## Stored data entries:
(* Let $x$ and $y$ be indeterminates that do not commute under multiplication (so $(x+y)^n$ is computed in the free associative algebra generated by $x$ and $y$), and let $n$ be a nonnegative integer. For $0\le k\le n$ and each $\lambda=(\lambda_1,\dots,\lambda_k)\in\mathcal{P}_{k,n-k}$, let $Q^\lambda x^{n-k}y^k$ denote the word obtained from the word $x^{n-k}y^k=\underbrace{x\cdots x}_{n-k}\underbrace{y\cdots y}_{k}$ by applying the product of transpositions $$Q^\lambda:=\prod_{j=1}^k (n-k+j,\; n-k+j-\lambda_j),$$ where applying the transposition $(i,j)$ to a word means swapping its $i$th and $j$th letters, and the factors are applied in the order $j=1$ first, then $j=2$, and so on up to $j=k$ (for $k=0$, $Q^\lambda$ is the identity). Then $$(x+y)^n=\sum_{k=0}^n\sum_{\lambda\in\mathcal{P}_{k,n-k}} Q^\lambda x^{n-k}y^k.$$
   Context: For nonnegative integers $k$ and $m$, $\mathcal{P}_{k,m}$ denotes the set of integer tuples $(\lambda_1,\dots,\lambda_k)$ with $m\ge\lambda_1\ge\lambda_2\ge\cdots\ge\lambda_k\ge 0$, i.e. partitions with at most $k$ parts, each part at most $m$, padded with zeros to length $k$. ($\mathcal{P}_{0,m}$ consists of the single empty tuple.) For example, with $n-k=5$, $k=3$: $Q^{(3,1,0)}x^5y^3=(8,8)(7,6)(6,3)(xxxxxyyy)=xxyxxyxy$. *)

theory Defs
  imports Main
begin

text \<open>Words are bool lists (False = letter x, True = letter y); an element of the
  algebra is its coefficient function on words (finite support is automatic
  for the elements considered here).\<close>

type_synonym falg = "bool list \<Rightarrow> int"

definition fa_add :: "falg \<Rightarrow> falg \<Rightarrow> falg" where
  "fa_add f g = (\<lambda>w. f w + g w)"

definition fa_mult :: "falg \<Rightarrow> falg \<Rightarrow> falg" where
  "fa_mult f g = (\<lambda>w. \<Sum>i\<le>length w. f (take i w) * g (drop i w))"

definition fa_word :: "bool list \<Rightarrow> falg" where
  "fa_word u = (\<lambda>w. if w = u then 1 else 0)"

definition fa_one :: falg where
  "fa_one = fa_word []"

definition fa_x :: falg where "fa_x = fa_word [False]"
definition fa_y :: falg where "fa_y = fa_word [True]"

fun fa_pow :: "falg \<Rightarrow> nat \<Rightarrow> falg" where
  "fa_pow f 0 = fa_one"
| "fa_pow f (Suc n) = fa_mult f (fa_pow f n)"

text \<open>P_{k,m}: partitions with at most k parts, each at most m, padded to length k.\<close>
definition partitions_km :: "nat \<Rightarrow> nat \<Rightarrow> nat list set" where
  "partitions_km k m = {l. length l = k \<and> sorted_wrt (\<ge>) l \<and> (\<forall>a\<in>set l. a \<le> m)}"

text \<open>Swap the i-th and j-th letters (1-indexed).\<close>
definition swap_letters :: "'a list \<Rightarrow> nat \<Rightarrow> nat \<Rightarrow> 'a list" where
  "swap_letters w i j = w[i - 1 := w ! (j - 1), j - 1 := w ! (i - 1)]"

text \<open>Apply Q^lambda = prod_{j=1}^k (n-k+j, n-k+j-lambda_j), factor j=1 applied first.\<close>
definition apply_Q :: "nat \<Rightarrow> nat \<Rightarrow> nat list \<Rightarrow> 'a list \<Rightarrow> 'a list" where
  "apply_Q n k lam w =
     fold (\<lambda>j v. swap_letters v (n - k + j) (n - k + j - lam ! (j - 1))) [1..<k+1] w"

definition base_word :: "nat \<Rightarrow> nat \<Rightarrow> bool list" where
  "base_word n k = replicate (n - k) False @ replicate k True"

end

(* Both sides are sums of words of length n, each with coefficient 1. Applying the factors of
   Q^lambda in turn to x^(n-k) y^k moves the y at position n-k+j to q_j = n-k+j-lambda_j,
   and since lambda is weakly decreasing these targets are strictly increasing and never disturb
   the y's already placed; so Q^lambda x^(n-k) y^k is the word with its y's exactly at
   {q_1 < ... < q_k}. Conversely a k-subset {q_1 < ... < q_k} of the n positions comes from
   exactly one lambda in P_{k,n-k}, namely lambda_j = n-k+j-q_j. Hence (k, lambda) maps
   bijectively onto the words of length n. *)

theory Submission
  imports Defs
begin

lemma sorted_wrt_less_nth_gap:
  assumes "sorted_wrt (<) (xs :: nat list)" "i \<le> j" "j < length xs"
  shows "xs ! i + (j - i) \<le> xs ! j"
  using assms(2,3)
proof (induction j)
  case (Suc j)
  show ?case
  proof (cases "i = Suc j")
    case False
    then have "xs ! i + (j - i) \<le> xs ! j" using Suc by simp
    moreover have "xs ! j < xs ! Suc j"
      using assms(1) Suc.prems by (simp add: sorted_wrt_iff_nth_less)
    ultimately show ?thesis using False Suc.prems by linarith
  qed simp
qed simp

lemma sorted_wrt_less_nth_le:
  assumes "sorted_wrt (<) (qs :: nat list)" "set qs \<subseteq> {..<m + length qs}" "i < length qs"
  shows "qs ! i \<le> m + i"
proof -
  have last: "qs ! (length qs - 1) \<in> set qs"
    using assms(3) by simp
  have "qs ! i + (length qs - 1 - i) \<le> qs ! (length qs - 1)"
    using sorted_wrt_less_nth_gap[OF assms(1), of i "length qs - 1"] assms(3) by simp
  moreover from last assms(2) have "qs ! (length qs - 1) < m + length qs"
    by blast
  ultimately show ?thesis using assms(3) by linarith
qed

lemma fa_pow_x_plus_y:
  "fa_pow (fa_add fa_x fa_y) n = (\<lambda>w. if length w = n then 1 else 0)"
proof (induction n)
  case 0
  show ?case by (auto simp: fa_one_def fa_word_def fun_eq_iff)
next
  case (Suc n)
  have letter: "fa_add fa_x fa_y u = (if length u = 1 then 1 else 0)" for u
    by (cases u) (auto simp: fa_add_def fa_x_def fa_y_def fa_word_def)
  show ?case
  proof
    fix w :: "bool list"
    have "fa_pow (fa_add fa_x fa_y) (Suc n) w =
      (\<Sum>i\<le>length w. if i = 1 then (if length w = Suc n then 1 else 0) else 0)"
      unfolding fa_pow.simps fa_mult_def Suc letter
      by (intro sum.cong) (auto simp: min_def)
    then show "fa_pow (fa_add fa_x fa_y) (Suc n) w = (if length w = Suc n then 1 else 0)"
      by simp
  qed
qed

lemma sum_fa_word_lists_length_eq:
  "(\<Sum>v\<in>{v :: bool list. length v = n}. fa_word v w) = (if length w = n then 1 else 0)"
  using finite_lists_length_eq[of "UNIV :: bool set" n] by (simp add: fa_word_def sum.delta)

## Requirement:
Here the job is to transcribe the lines from the first line of the data through the line containing "(\<lambda>w. f w", inclusive, exactly and with nothing else.

## Response area:
(* Let $x$ and $y$ be indeterminates that do not commute under multiplication (so $(x+y)^n$ is computed in the free associative algebra generated by $x$ and $y$), and let $n$ be a nonnegative integer. For $0\le k\le n$ and each $\lambda=(\lambda_1,\dots,\lambda_k)\in\mathcal{P}_{k,n-k}$, let $Q^\lambda x^{n-k}y^k$ denote the word obtained from the word $x^{n-k}y^k=\underbrace{x\cdots x}_{n-k}\underbrace{y\cdots y}_{k}$ by applying the product of transpositions $$Q^\lambda:=\prod_{j=1}^k (n-k+j,\; n-k+j-\lambda_j),$$ where applying the transposition $(i,j)$ to a word means swapping its $i$th and $j$th letters, and the factors are applied in the order $j=1$ first, then $j=2$, and so on up to $j=k$ (for $k=0$, $Q^\lambda$ is the identity). Then $$(x+y)^n=\sum_{k=0}^n\sum_{\lambda\in\mathcal{P}_{k,n-k}} Q^\lambda x^{n-k}y^k.$$
   Context: For nonnegative integers $k$ and $m$, $\mathcal{P}_{k,m}$ denotes the set of integer tuples $(\lambda_1,\dots,\lambda_k)$ with $m\ge\lambda_1\ge\lambda_2\ge\cdots\ge\lambda_k\ge 0$, i.e. partitions with at most $k$ parts, each part at most $m$, padded with zeros to length $k$. ($\mathcal{P}_{0,m}$ consists of the single empty tuple.) For example, with $n-k=5$, $k=3$: $Q^{(3,1,0)}x^5y^3=(8,8)(7,6)(6,3)(xxxxxyyy)=xxyxxyxy$. *)

theory Defs
  imports Main
begin

text \<open>Words are bool lists (False = letter x, True = letter y); an element of the
  algebra is its coefficient function on words (finite support is automatic
  for the elements considered here).\<close>

type_synonym falg = "bool list \<Rightarrow> int"

definition fa_add :: "falg \<Rightarrow> falg \<Rightarrow> falg" where
  "fa_add f g = (\<lambda>w. f w + g w)"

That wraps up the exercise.